The Hydrogen Storage Challenge: Why HCEs Need Large Fuel Tanks
Hyundai Nexo high pressure hydrogen tank safety
Hydrogen internal combustion engines (HICE) have attracted attention as a potential solution for reducing emissions and improving fuel efficiency. However, one of the major challenges of this technology is that hydrogen has a low energy density by volume. This means that to achieve the same level of energy production, a larger volume of hydrogen needs to be stored in the vehicle. As a result, HICEs require a larger fuel tank to deliver the same range and performance as gasoline or diesel engines. This results in a significant increase in the amount of space required to house the fuel tank, which can be problematic in terms of vehicle design and functionality.

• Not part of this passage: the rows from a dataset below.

lemma top_lines_meet:
  "top_line I c d x i \<Longrightarrow> top_line I c d x j \<Longrightarrow> c i * x + d i = c j * x + d j"
  by (auto simp: top_line_def intro: order.antisym)

lemma top_line_reflect: "top_line I c d x i \<longleftrightarrow> top_line I (- c) d (- x) i"
  by (simp add: top_line_def)

lemma upper_break_reflect: "upper_break I c d x \<longleftrightarrow> upper_break I (- c) d (- x)"
  by (simp add: upper_break_def top_line_reflect[of I c d x])

lemma ex_top_line:
  assumes "finite I" "I \<noteq> {}"
  obtains i where "top_line I c d x i"
proof -
  obtain i where "i \<in> I" "\<And>j. j \<in> I \<Longrightarrow> c j * x + d j \<le> c i * x + d i"
    using arg_min_if_finite[OF assms, of "\<lambda>k. - (c k * x + d k)"] by force
  then show ?thesis using that by (auto simp: top_line_def)
qed

lemma top_line_persists_right:
  assumes "finite I" and top: "top_line I c d m g" and "m < z"
    and no_break: "\<And>x. m \<le> x \<Longrightarrow> x < z \<Longrightarrow> \<not> upper_break I c d x"
  shows "top_line I c d z g"
proof (rule ccontr)
  assume "\<not> top_line I c d z g"
  define K where "K = {k \<in> I. c g * z + d g < c k * z + d k}"
  define cross where "cross k = (d g - d k) / (c k - c g)" for k
  have g: "g \<in> I" and below_m: "\<And>j. j \<in> I \<Longrightarrow> c j * m + d j \<le> c g * m + d g"
    using top by (auto simp: top_line_def)
  have "K \<noteq> {}" using \<open>\<not> top_line I c d z g\<close> g by (auto simp: top_line_def K_def not_le)
  have "finite K" using \<open>finite I\<close> by (simp add: K_def)
  have steeper: "c g < c k" if "k \<in> K" for k
    using line_overtakes_imp_steeper[OF below_m \<open>m < z\<close>] that by (auto simp: K_def)
  have below_iff: "c k * x + d k \<le> c g * x + d g \<longleftrightarrow> x \<le> cross k" if "k \<in> K" for k x
    using line_le_iff_le_crossing[OF steeper[OF that]] by (simp add: cross_def)
  \<comment> \<open>\<open>x0\<close> is the first point where one of the lines above \<open>g\<close> at \<open>z\<close> catches up with \<open>g\<close>.\<close>
  define k0 where "k0 = arg_min_on cross K"
  define x0 where "x0 = cross k0"
  have "k0 \<in> K" using arg_min_if_finite(1)[OF \<open>finite K\<close> \<open>K \<noteq> {}\<close>] by (simp add: k0_def)
  have first: "x0 \<le> cross k" if "k \<in> K" for k
    using arg_min_least[OF \<open>finite K\<close> \<open>K \<noteq> {}\<close> that] by (simp add: x0_def k0_def)
  have "m \<le> x0" using below_iff[OF \<open>k0 \<in> K\<close>, of m] below_m[of k0] \<open>k0 \<in> K\<close> by (simp add: x0_def K_def)
  have "x0 < z" using below_iff[OF \<open>k0 \<in> K\<close>, of z] \<open>k0 \<in> K\<close> by (auto simp: x0_def K_def)
  have g_top: "top_line I c d x0 g"
    unfolding top_line_def
  proof (intro conjI ballI)
    fix j assume "j \<in> I"
    show "c j * x0 + d j \<le> c g * x0 + d g"
    proof (cases "j \<in> K")
      case True
      then show ?thesis using below_iff first by simp
    next
      case False
      then have "c j * z + d j \<le> c g * z + d g" using \<open>j \<in> I\<close> by (auto simp: K_def)
      then show ?thesis
        using line_le_between below_m \<open>j \<in> I\<close> \<open>m \<le> x0\<close> \<open>x0 < z\<close> by (meson less_imp_le)
    qed
  qed (fact g)
  have "c k0 * x0 + d k0 = c g * x0 + d g"
    using line_eq_at_crossing steeper[OF \<open>k0 \<in> K\<close>] by (simp add: x0_def cross_def)
  then have "top_line I c d x0 k0" using g_top \<open>k0 \<in> K\<close> by (simp add: top_line_def K_def)
  then have "upper_break I c d x0"
    using g_top steeper[OF \<open>k0 \<in> K\<close>] unfolding upper_break_def by force
  then show False using no_break \<open>m \<le> x0\<close> \<open>x0 < z\<close> by blast
qed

In practical terms, a larger fuel tank means less space is available for passengers and cargo, which can limit the practicality and ease of use of the vehicle. This can be a major disadvantage, especially for vehicles designed for commercial or personal use, where space is at a premium. In addition, the size of the fuel tank required for HICEs can also affect the overall weight and size of the vehicle, which can have additional implications for performance and fuel efficiency. This can make it more difficult to design HICEs that are efficient and practical while offering the same level of performance and range as traditional fossil fuel engines.
Despite these challenges, there are still many potential benefits to using hydrogen as a fuel source for internal combustion engines. For example, hydrogen can be produced from renewable sources and has the potential to significantly reduce emissions compared to traditional fossil fuels. However, it is important to recognize the limitations of this technology and work to develop practical and efficient solutions that can meet the needs of consumers and industry alike.